What is being asked
What lines of the data hold the string "lambda"? Copy them all.

Saved entries:
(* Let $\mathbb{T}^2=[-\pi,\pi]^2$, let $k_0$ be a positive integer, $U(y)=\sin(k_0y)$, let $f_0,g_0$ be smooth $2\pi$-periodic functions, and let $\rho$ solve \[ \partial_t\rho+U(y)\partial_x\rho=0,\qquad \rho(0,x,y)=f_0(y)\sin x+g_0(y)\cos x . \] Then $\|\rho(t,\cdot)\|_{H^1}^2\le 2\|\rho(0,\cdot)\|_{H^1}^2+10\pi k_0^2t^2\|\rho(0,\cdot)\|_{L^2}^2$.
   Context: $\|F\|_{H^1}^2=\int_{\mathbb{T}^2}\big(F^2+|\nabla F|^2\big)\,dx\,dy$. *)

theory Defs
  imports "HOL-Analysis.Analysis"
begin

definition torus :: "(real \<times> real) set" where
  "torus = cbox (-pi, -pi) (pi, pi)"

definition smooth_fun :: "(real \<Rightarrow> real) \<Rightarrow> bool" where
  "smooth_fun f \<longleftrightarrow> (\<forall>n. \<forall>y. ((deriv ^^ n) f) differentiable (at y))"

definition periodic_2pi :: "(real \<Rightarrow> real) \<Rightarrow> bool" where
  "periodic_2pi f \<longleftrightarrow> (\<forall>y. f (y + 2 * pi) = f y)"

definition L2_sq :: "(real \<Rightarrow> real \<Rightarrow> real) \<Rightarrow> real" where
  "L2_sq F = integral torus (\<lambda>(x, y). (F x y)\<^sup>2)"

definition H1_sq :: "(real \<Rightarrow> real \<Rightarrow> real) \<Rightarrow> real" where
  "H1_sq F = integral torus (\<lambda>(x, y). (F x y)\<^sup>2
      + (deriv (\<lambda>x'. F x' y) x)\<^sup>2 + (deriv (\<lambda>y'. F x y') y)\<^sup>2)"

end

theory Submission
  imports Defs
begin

Task output
  "L2_sq F = integral torus (\<lambda>(x, y). (F x y)\<^sup>2)"
  "H1_sq F = integral torus (\<lambda>(x, y). (F x y)\<^sup>2
      + (deriv (\<lambda>x'. F x' y) x)\<^sup>2 + (deriv (\<lambda>y'. F x y') y)\<^sup>2)"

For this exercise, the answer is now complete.